> Saved data entries
(* Let $x_0\in(0,1)$ and let $p\in C([0,1])$ with $p>0$ on $[0,1]\setminus\{x_0\}$, $p(x_0)=0$, and suppose there exists $q>1$ such that $x\mapsto p(x)/|x-x_0|^q$ is non increasing on the left of $x_0$ and non decreasing on the right of $x_0$. Then: 1. there exists a constant $C_{HP,1}>0$ such that for every $w\in H^1(0,1)$ with $w'(0)=w'(1)=0$, \[\int_0^1\frac{p(x)}{(x-x_0)^2}w^2(x)\,dx\le C_{HP,1}\|w\|^2_{H^1(0,1)};\] 2. for every $y_0\in[0,1]$ there exists $C_{HP,2}>0$ such that for every $w\in H^1(0,1)$ with $w'(0)=w'(1)=0$, \[\int_0^1\frac{p(x)}{(x-x_0)^2}w^2(x)\,dx\le C_{HP,2}\Big(\int_0^1(w')^2(y)\,dy+w^2(y_0)\Big).\] *)

theory Defs
  imports "HOL-Analysis.Analysis"
begin

text \<open>\<open>H1_with_deriv w g\<close>: the function w belongs to H^1(0,1) (in its absolutely
continuous representative) and g is (a representative of) its weak derivative w',
i.e. g is square integrable on [0,1] and w(x) = w(0) + integral of g over [0,x]
for all x in [0,1].\<close>
definition H1_with_deriv :: "(real \<Rightarrow> real) \<Rightarrow> (real \<Rightarrow> real) \<Rightarrow> bool" where
  "H1_with_deriv w g \<longleftrightarrow>
     g \<in> borel_measurable lborel \<and>
     set_integrable lborel {0..1} (\<lambda>x. (g x)\<^sup>2) \<and>
     (\<forall>x\<in>{0..1}. w x = w 0 + (LBINT t=0..x. g t))"

definition H1_norm_sq :: "(real \<Rightarrow> real) \<Rightarrow> (real \<Rightarrow> real) \<Rightarrow> real" where
  "H1_norm_sq w g = (LINT x:{0..1}|lborel. (w x)\<^sup>2) + (LINT x:{0..1}|lborel. (g x)\<^sup>2)"

end

theory Submission
  imports Defs
begin
lemma in_stage_events:
  assumes "\<And>N. space N = space M \<Longrightarrow>
      (\<And>i. i \<in> perc_index \<Longrightarrow> fst i = k \<Longrightarrow> U i \<in> borel_measurable N) \<Longrightarrow> E \<in> sets N"
  shows "E \<in> stage_events k"
proof -
  define G where "G = (\<Union>i\<in>{i \<in> (perc_index :: (nat \<times> nat \<times> ('n \<Rightarrow> int)) set). fst i = k}.
      {U i -` A \<inter> space M | A. A \<in> sets borel})"
  have G: "G \<subseteq> Pow (space M)" unfolding G_def by auto
  have "E \<in> sets (sigma (space M) G)"
  proof (rule assms)
    show "space (sigma (space M) G) = space M" using G by simp
    fix i :: "nat \<times> nat \<times> ('n \<Rightarrow> int)" assume "i \<in> perc_index" "fst i = k"
    then show "U i \<in> borel_measurable (sigma (space M) G)"
      using G by (intro measurableI) (auto simp: G_def)
  qed
  then show ?thesis using G unfolding stage_events_def G_def[symmetric] by simp
qed
lemma shift_0: "t < N \<Longrightarrow> shift N t 0 = t"
  by (simp add: shift_def)

lemma shift_shift: "shift N (shift N t a) b = shift N t (a + b)"
  by (simp add: shift_def mod_add_left_eq add.assoc)

lemma shift_add_modulus: "shift N t (k + N) = shift N t k"
  by (simp add: shift_def flip: add.assoc)

lemma shift_commute: "shift N t k = shift N k t"
  by (simp add: shift_def add.commute)

lemma inj_on_shift: "t < N \<Longrightarrow> inj_on (shift N t) {..<N}"
  by (rule inj_onI) (simp add: shift_def mod_if split: if_splits)

lemma shift_image: "t < N \<Longrightarrow> shift N t ` {..<N} = {..<N}"
  by (rule endo_inj_surj) (auto simp: shift_lt inj_on_shift)

lemma shift_neq_self:
  assumes "t < N" and "0 < k" and "k < N"
  shows "shift N t k \<noteq> t"
proof
  assume "shift N t k = t"
  then have "shift N t k = shift N t 0" using assms(1) by (simp add: shift_0)
  then show False using inj_on_shift[OF assms(1)] assms by (auto dest: inj_onD)
qed

lemma controllable_neighbours:
  assumes "3 \<le> N" and "t < N"
  shows "controllable N t {shift N t (N - 1), shift N t 1}"
proof -
  have "(t + N - 1) mod N = shift N t (N - 1)" "(t + 1) mod N = shift N t 1"
    using assms by (simp_all add: shift_def)
  then have gate: "gate N t (x ! shift N t (N - 1)) (x ! shift N t 1)
      = controlled_flip t (agrees_on {shift N t (N - 1), shift N t 1} x)" for x
    by (auto simp: gate_def controlled_flip_def agrees_on_def flip_def)
  have "gate N t a b \<in> gate_set N" for a b
    using assms by (auto simp: gate_set_def)
  then have "gate_realizable N (controlled_flip t (agrees_on {shift N t (N - 1), shift N t 1} x))"
    for x by (metis gate gate_realizable_gate)
  moreover have "shift N t (N - 1) \<noteq> t" "shift N t 1 \<noteq> t"
    using assms by (simp_all add: shift_neq_self)
  ultimately show ?thesis
    using assms by (simp add: controllable_def shift_lt)
qed

definition control_offsets :: "nat \<Rightarrow> nat \<Rightarrow> nat set" where
  "control_offsets N r = insert (N - 1) (insert (r + 1) {1..<r})"

lemma controllable_control_offsets:
  assumes "3 \<le> N" and "t < N"
  shows "r + 3 \<le> N \<Longrightarrow> controllable N t (shift N t ` control_offsets N r)"
proof (induction r)
  case 0
  have "control_offsets N 0 = {N - 1, 1}" by (auto simp: control_offsets_def)
  then show ?case using controllable_neighbours[OF assms] by simp
next
  case (Suc r)
  \<comment> \<open>commuting with the neighbour gate of site \<open>r + 1\<close> replaces that control by \<open>r\<close> and \<open>r + 2\<close>\<close>
  let ?s = "shift N t (r + 1)" and ?K = "shift N t ` insert (N - 1) {1..<r}"
    and ?K' = "shift N t ` ({r, r + 2} - {0})"
  have s: "?s < N" using assms by (simp add: shift_lt)
  have "controllable N t (insert ?s ?K)"
    using Suc by (simp add: control_offsets_def insert_commute)
  moreover have "controllable N ?s ?K'"
  proof (rule controllable_subset[OF controllable_neighbours[OF assms(1) s]])
    have "r + 1 + (N - 1) = r + N" using assms by simp
    then have "shift N ?s (N - 1) = shift N t r" by (simp add: shift_shift shift_add_modulus)
    moreover have "shift N ?s 1 = shift N t (r + 2)" by (simp add: shift_shift)
    ultimately show "?K' \<subseteq> {shift N ?s (N - 1), shift N ?s 1}" by auto
  qed
  moreover have "t \<notin> ?K'"
    using Suc.prems shift_neq_self[OF assms(2), of r] shift_neq_self[OF assms(2), of "r + 2"]
    by (cases "r = 0") auto
  moreover have "?s \<notin> ?K"
  proof -
    have "r + 1 \<notin> insert (N - 1) {1..<r}" "r + 1 < N" "insert (N - 1) {1..<r} \<subseteq> {..<N}"
      using Suc.prems by auto
    then show ?thesis using inj_on_image_mem_iff[OF inj_on_shift[OF assms(2)]] by blast
  qed
  ultimately have "controllable N t (?K \<union> ?K')" by (rule controllable_Un)
  moreover have "insert (N - 1) {1..<r} \<union> ({r, r + 2} - {0}) = control_offsets N (Suc r)"
    by (auto simp: control_offsets_def)
  ultimately show ?case by (metis image_Un)
qed

lemma controllable_all_but_offset:
  assumes "3 \<le> N" and "t < N"
  shows "controllable N t ({..<N} - {t, shift N t (N - 3)})"
proof -
  have "control_offsets N (N - 3) = {..<N} - {0, N - 3}"
    using assms by (auto simp: control_offsets_def)
  then have "shift N t ` control_offsets N (N - 3) = {..<N} - {t, shift N t (N - 3)}"
    using assms inj_on_image_set_diff[OF inj_on_shift[OF assms(2)]]
    by (simp add: shift_image shift_0)
  then show ?thesis using controllable_control_offsets[OF assms, of "N - 3"] assms by simp
qed
(* Let $G$ and $H$ be groups with $\mathrm{Con}(G)=\mathrm{Con}(H)$. Suppose $G$ satisfies the following ping-pong conditions: there are a set $X$ with a $G$-action, subgroups $\Gamma_1,\Gamma_2$ of $G$ with $|\Gamma_1|\ge3$, $|\Gamma_2|\ge2$, and subsets $X_1,X_2\subseteq X$ with $X_2\not\subseteq X_1$, such that $\gamma_1(X_2)\subseteq X_1$ and $\gamma_2(X_1)\subseteq X_2$ for all nonidentity $\gamma_1\in\Gamma_1$, $\gamma_2\in\Gamma_2$. Then $H$ also satisfies these conditions (for some set with an $H$-action, some subgroups of $H$ and some subsets).
   Context: For an action $G\curvearrowright X$, an ordered tuple $\mathfrak{g}=(g_1,\dots,g_n)$ of elements of $G$ and a finite partition $\mathcal{E}=\{E_1,\dots,E_m\}$ of $X$, a configuration is a tuple $C=(C_0,\dots,C_n)\in\{1,\dots,m\}^{n+1}$ such that some $x\in E_{C_0}$ satisfies $g_i\cdot x\in E_{C_i}$ for $i=1,\dots,n$; the set of these is $\mathrm{Con}(\mathfrak{g},\mathcal{E};X)$. $\mathrm{Con}(G)$ is the collection $\{\mathrm{Con}(\mathfrak{g},\mathcal{E};G)\}$ over all finite tuples $\mathfrak{g}$ in $G$ and finite partitions $\mathcal{E}$ of $G$, for the action of $G$ on itself by left multiplication. *)

theory Defs
  imports "HOL-Algebra.Group_Action"
begin

text \<open>A finite (ordered) partition of a set S: a list of nonempty, pairwise
  disjoint sets whose union is S.  The pieces E_1..E_m are Es!0 .. Es!(m-1).\<close>
definition is_fin_partition :: "'a set \<Rightarrow> 'a set list \<Rightarrow> bool" where
  "is_fin_partition S Es \<longleftrightarrow>
     (\<Union>(set Es) = S) \<and> (\<forall>i<length Es. Es ! i \<noteq> {}) \<and>
     (\<forall>i<length Es. \<forall>j<length Es. i \<noteq> j \<longrightarrow> Es ! i \<inter> Es ! j = {})"
lemma level_inv_Nil: "level_inv [] 1 [1..<Suc n] [] 0"
proof -
  have "\<forall>k<n. bid_report ([1..<Suc n] ! k) [] = {1..m}"
    by (simp only: report_ghist_Nil) simp
  then show ?thesis using two_bidders two_prices by (auto simp: level_inv_def run_Nil)
qed

lemma bid_report_after_step:
  assumes L: "run n m bs = Level p A ys off" and I: "level_inv bs p A ys off"
  shows "\<forall>k<length A. bid_report (A ! k) (bs @ [b]) =
            (if k \<le> length ys then stay_or_leave m p ((ys @ [b]) ! k) else {p..m})"
    and "\<forall>j. j \<notin> set A \<longrightarrow> bid_report j (bs @ [b]) = bid_report j bs"
proof -
  from I have d: "distinct A" and ly: "length ys < length A" by (auto simp: level_inv_def)
  show "\<forall>k<length A. bid_report (A ! k) (bs @ [b]) =
            (if k \<le> length ys then stay_or_leave m p ((ys @ [b]) ! k) else {p..m})"
  proof (intro allI impI)
    fix k assume k: "k < length A"
    have "A ! k = A ! length ys \<longleftrightarrow> k = length ys" using d k ly nth_eq_iff_index_eq by blast
    then show "bid_report (A ! k) (bs @ [b]) =
        (if k \<le> length ys then stay_or_leave m p ((ys @ [b]) ! k) else {p..m})"
      using bid_report_snoc[OF L, of "A ! k" b] I k by (auto simp: level_inv_def nth_append)
  qed
  show "\<forall>j. j \<notin> set A \<longrightarrow> bid_report j (bs @ [b]) = bid_report j bs"
    using bid_report_snoc[OF L] ly by auto
qed

lemma level_inv_snoc_same_level:
  assumes L: "run n m bs = Level p A ys off" and I: "level_inv bs p A ys off"
    and more: "length (ys @ [b]) < length A"
  shows "level_inv (bs @ [b]) p A (ys @ [b]) off"
  using I more bid_report_after_step[OF L I, of b] by (auto simp: level_inv_def nth_append)
lemma tendsto_pnorm_max:
  assumes m: "filterlim m at_top sequentially"
    and lim: "(\<lambda>k. max \<bar>fst (w k)\<bar> \<bar>snd (w k)\<bar>) \<longlonglongrightarrow> L"
  shows "(\<lambda>k. pnorm (m k) (w k)) \<longlonglongrightarrow> L"
proof (rule real_tendsto_sandwich)
  have ev: "eventually (\<lambda>k. m k \<ge> 1) sequentially"
    using filterlim_at_top [THEN iffD1, OF m] by blast
  show "eventually (\<lambda>k. max \<bar>fst (w k)\<bar> \<bar>snd (w k)\<bar> \<le> pnorm (m k) (w k)) sequentially"
    using ev by eventually_elim (rule pnorm_max_bounds)
  show "eventually (\<lambda>k. pnorm (m k) (w k)
      \<le> 2 powr (1 / real (m k)) * max \<bar>fst (w k)\<bar> \<bar>snd (w k)\<bar>) sequentially"
    using ev by eventually_elim (rule pnorm_max_bounds)
  have "(\<lambda>n. 2 powr (1 / real n)) \<longlonglongrightarrow> 1"
    by real_asymp
  then have "(\<lambda>k. 2 powr (1 / real (m k))) \<longlonglongrightarrow> 1"
    using filterlim_compose m by blast
  then show "(\<lambda>k. 2 powr (1 / real (m k)) * max \<bar>fst (w k)\<bar> \<bar>snd (w k)\<bar>) \<longlonglongrightarrow> L"
    using tendsto_mult [OF _ lim] by fastforce
qed (fact lim)

lemma suminf_square_triangle:
  fixes f g h :: "nat \<Rightarrow> real"
  assumes f: "summable (\<lambda>n. (f n)\<^sup>2)" and g: "summable (\<lambda>n. (g n)\<^sup>2)"
    and h: "\<And>n. 0 \<le> h n" "\<And>n. h n \<le> f n + g n"
  shows "summable (\<lambda>n. (h n)\<^sup>2)"
    and "sqrt (\<Sum>n. (h n)\<^sup>2) \<le> sqrt (\<Sum>n. (f n)\<^sup>2) + sqrt (\<Sum>n. (g n)\<^sup>2)"
proof -
  have h_le: "(h n)\<^sup>2 \<le> 2 * (f n)\<^sup>2 + 2 * (g n)\<^sup>2" for n
  proof -
    have "(h n)\<^sup>2 \<le> (f n + g n)\<^sup>2"
      using h [of n] by (intro power_mono) auto
    also have "\<dots> \<le> 2 * (f n)\<^sup>2 + 2 * (g n)\<^sup>2"
      using sum_squares_bound [of "f n" "g n"] by (simp add: power2_sum)
    finally show ?thesis .
  qed
  show hs: "summable (\<lambda>n. (h n)\<^sup>2)"
  proof (rule summable_comparison_test' [where N = 0])
    show "summable (\<lambda>n. 2 * (f n)\<^sup>2 + 2 * (g n)\<^sup>2)"
      using f g by (intro summable_add summable_mult)
  qed (use h_le in simp)
  have partial: "sqrt (\<Sum>n<N. (h n)\<^sup>2) \<le> sqrt (\<Sum>n. (f n)\<^sup>2) + sqrt (\<Sum>n. (g n)\<^sup>2)" for N
  proof -
    have "sqrt (\<Sum>n<N. (h n)\<^sup>2) \<le> L2_set (\<lambda>n. f n + g n) {..<N}"
      unfolding L2_set_def using h by (intro real_sqrt_le_mono sum_mono power_mono) auto
    also have "\<dots> \<le> L2_set f {..<N} + L2_set g {..<N}"
      by (rule L2_set_triangle_ineq)
    also have "\<dots> \<le> sqrt (\<Sum>n. (f n)\<^sup>2) + sqrt (\<Sum>n. (g n)\<^sup>2)"
      unfolding L2_set_def using f g by (intro add_mono real_sqrt_le_mono sum_le_suminf) auto
    finally show ?thesis .
  qed
  show "sqrt (\<Sum>n. (h n)\<^sup>2) \<le> sqrt (\<Sum>n. (f n)\<^sup>2) + sqrt (\<Sum>n. (g n)\<^sup>2)"
  proof (rule LIMSEQ_le_const2)
    show "(\<lambda>N. sqrt (\<Sum>n<N. (h n)\<^sup>2)) \<longlonglongrightarrow> sqrt (\<Sum>n. (h n)\<^sup>2)"
      using hs by (intro tendsto_real_sqrt summable_LIMSEQ)
  qed (use partial in simp)
qed

lemma Xnorm_uminus [simp]: "Xnorm (- u) = Xnorm u"
  by (simp add: Xnorm_def)
section \<open>The values of the iterates at \<open>\<lambda>\<close>\<close>

context
  fixes d :: nat and A B :: "complex poly" and lam :: complex
begin

abbreviation A_val :: "nat \<Rightarrow> complex" where
  "A_val n \<equiv> poly (fst (AB_seq d A B n)) lam"

abbreviation B_val :: "nat \<Rightarrow> complex" where
  "B_val n \<equiv> poly (snd (AB_seq d A B n)) lam"

lemma A_val_Suc_Suc: "A_val (Suc (Suc n)) = A_val (Suc n) ^ d + lam * B_val (Suc n) ^ d"
  and B_val_Suc_Suc: "B_val (Suc (Suc n)) = A_val (Suc n) * B_val (Suc n) ^ (d - 1)"
  by (simp_all add: case_prod_beta Let_def)

text \<open>The division by \<open>t\<close> in the first step of the recursion scales both values by \<open>1/\<lambda>\<close>.\<close>

lemma AB_val_Suc:
  assumes "d \<ge> 1"
  obtains s where "s = 1 \<or> s = lam"
    and "s * A_val (Suc n) = A_val n ^ d + lam * B_val n ^ d"
    and "s * B_val (Suc n) = A_val n * B_val n ^ (d - 1)"
proof (cases "n = 0 \<and> poly A 0 = 0")
  case False
  show ?thesis
  proof (cases n)
    case 0
    then show ?thesis
      using False that[of 1] by simp
  next
    case (Suc m)
    show ?thesis
      by (intro that[of 1]) (simp_all only: Suc mult_1 A_val_Suc_Suc B_val_Suc_Suc simp_thms)
  qed
next
  case True
  define t where "t = [:0, 1 :: complex:]"
  obtain k where d: "d = Suc k"
    using assms by (cases d) auto
  obtain A' where A': "A = t * A'"
    using True poly_eq_0_iff_dvd[of A 0] by (auto simp: t_def)
  have factor_t: "A ^ d + t * B ^ d = t * (t ^ k * A' ^ d + B ^ d)"
    "A * B ^ (d - 1) = t * (A' * B ^ (d - 1))"
    by (simp_all add: A' d algebra_simps)
  have "AB_seq d A B 1 = ((A ^ d + t * B ^ d) div t, (A * B ^ (d - 1)) div t)"
    using True by (simp add: t_def)
  also have "\<dots> = (t ^ k * A' ^ d + B ^ d, A' * B ^ (d - 1))"
    using nonzero_mult_div_cancel_left[of t] by (simp only: factor_t) (simp add: t_def)
  finally have "lam * A_val 1 = poly (A ^ d + t * B ^ d) lam"
    and "lam * B_val 1 = poly (A * B ^ (d - 1)) lam"
    by (simp_all only: factor_t) (simp_all add: t_def)
  then show ?thesis
    using True that[of lam] by (simp add: t_def)
qed

context
  assumes d: "d \<ge> 1" and alg_AB: "alg_poly A" "alg_poly B"
    and alg_lam: "algebraic lam" and lam: "lam \<noteq> 0"
begin

lemma algebraic_AB_val: "algebraic (A_val n) \<and> algebraic (B_val n)"
proof (induction n)
  case 0
  then show ?case
    using alg_AB alg_lam by (simp add: algebraic_poly)
next
  case (Suc n)
  obtain s where s: "s = 1 \<or> s = lam"
    and eqs: "s * A_val (Suc n) = A_val n ^ d + lam * B_val n ^ d"
      "s * B_val (Suc n) = A_val n * B_val n ^ (d - 1)"
    using AB_val_Suc[OF d] .
  have "s \<noteq> 0" "algebraic s"
    using s lam alg_lam by auto
  moreover have "algebraic (s * A_val (Suc n))" "algebraic (s * B_val (Suc n))"
    unfolding eqs using Suc alg_lam by (simp_all add: algebraic_add algebraic_mult algebraic_power)
  ultimately show ?case
    using algebraic_divide[of "s * _" s] by (metis nonzero_mult_div_cancel_left)
qed

context
  fixes v :: "complex \<Rightarrow> real"
  assumes v: "abs_value_alg v"
begin

lemma M_nv_pos:
  assumes "coprime A B"
  shows "0 < M_nv d A B v n lam"
proof (induction n)
  case 0
  have "A_val 0 \<noteq> 0 \<or> B_val 0 \<noteq> 0"
  proof (rule ccontr)
    assume "\<not> ?thesis"
    then have "[:- lam, 1:] dvd A" "[:- lam, 1:] dvd B"
      by (simp_all add: poly_eq_0_iff_dvd)
    then have "is_unit [:- lam, 1:]"
      using \<open>coprime A B\<close> coprime_common_divisor by blast
    then show False
      by (simp add: is_unit_iff_degree)
  qed
  then show ?case
    using algebraic_AB_val[of 0] abs_value_alg_pos[OF v] by (auto simp: M_nv_def less_max_iff_disj)
next
  case (Suc n)
  obtain s where s: "s = 1 \<or> s = lam"
    and eqs: "s * A_val (Suc n) = A_val n ^ d + lam * B_val n ^ d"
      "s * B_val (Suc n) = A_val n * B_val n ^ (d - 1)"
    using AB_val_Suc[OF d] .
  have alg: "algebraic (A_val n)" "algebraic (B_val n)"
    "algebraic (A_val (Suc n))" "algebraic (B_val (Suc n))" "algebraic s"
    using algebraic_AB_val s alg_lam by auto
  have pos: "0 < v lam" "0 < v s"
    using s lam alg_lam abs_value_alg_pos[OF v] by auto
  have "0 < min 1 (v lam) / (2 * max 1 (v lam)) * M_nv d A B v n lam ^ d"
    using Suc pos by simp
  also have "\<dots> \<le> max (v (s * A_val (Suc n))) (v (s * B_val (Suc n)))"
    unfolding eqs M_nv_def by (rule abs_value_alg_step_bounds(2)[OF v alg(1,2) alg_lam lam d])
  also have "\<dots> = v s * M_nv d A B v (Suc n) lam"
    using pos alg by (simp add: M_nv_def abs_value_alg_mult[OF v] max_mult_distrib_left)
  finally show ?case
    using pos by (simp add: zero_less_mult_iff)
qed

lemma ln_M_nv_step:
  assumes "coprime A B"
  shows "\<bar>ln (M_nv d A B v (Suc (Suc n)) lam) - d * ln (M_nv d A B v (Suc n) lam)\<bar>
           \<le> ln (2 * max 1 (v lam)) - ln (min 1 (v lam))"
proof -
  define M where "M k = M_nv d A B v k lam" for k
  define K where "K = 2 * max 1 (v lam)"
  have M_pos: "0 < M k" for k
    using M_nv_pos[OF assms] by (simp add: M_def)
  have v_lam: "0 < v lam"
    using alg_lam lam by (rule abs_value_alg_pos[OF v])
  have K: "0 < K" "0 < min 1 (v lam) / K"
    using v_lam by (auto simp: K_def)
  have M_Suc: "M (Suc n) = max (v (A_val (Suc n))) (v (B_val (Suc n)))"
    by (simp only: M_def M_nv_def)
  have M_Suc_Suc: "M (Suc (Suc n)) = max (v (A_val (Suc n) ^ d + lam * B_val (Suc n) ^ d))
      (v (A_val (Suc n) * B_val (Suc n) ^ (d - 1)))"
    by (simp only: M_def M_nv_def A_val_Suc_Suc B_val_Suc_Suc)
  have alg: "algebraic (A_val (Suc n))" "algebraic (B_val (Suc n))"
    using algebraic_AB_val by blast+
  have bounds: "min 1 (v lam) / K * M (Suc n) ^ d \<le> M (Suc (Suc n))"
      "M (Suc (Suc n)) \<le> K * M (Suc n) ^ d"
    unfolding M_Suc M_Suc_Suc K_def
    by (fact abs_value_alg_step_bounds[OF v alg alg_lam lam d])+
  have "0 < min 1 (v lam) / K * M (Suc n) ^ d"
    by (intro mult_pos_pos zero_less_power K(2) M_pos)
  then have "ln (min 1 (v lam) / K * M (Suc n) ^ d) \<le> ln (M (Suc (Suc n)))"
    using bounds(1) M_pos by (simp only: ln_le_cancel_iff)
  moreover have "ln (M (Suc (Suc n))) \<le> ln (K * M (Suc n) ^ d)"
    using bounds(2) M_pos K by simp
  moreover have "ln (min 1 (v lam) / K * M (Suc n) ^ d)
      = ln (min 1 (v lam)) - ln K + d * ln (M (Suc n))"
    using v_lam K M_pos[of "Suc n"] by (simp add: ln_mult ln_div ln_realpow less_imp_neq[symmetric])
  moreover have "ln (K * M (Suc n) ^ d) = ln K + d * ln (M (Suc n))"
    using K M_pos[of "Suc n"] by (simp add: ln_mult ln_realpow)
  moreover have "ln (min 1 (v lam)) \<le> 0"
    using v_lam by (simp add: min_def)
  ultimately have "\<bar>ln (M (Suc (Suc n))) - d * ln (M (Suc n))\<bar> \<le> ln K - ln (min 1 (v lam))"
    by (simp only: abs_le_iff) linarith
  then show ?thesis
    by (simp only: M_def K_def)
qed

end

end

end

> Your objective
The answer must be a single number: how many lines of the data include the string "ordered".

> Answer section
2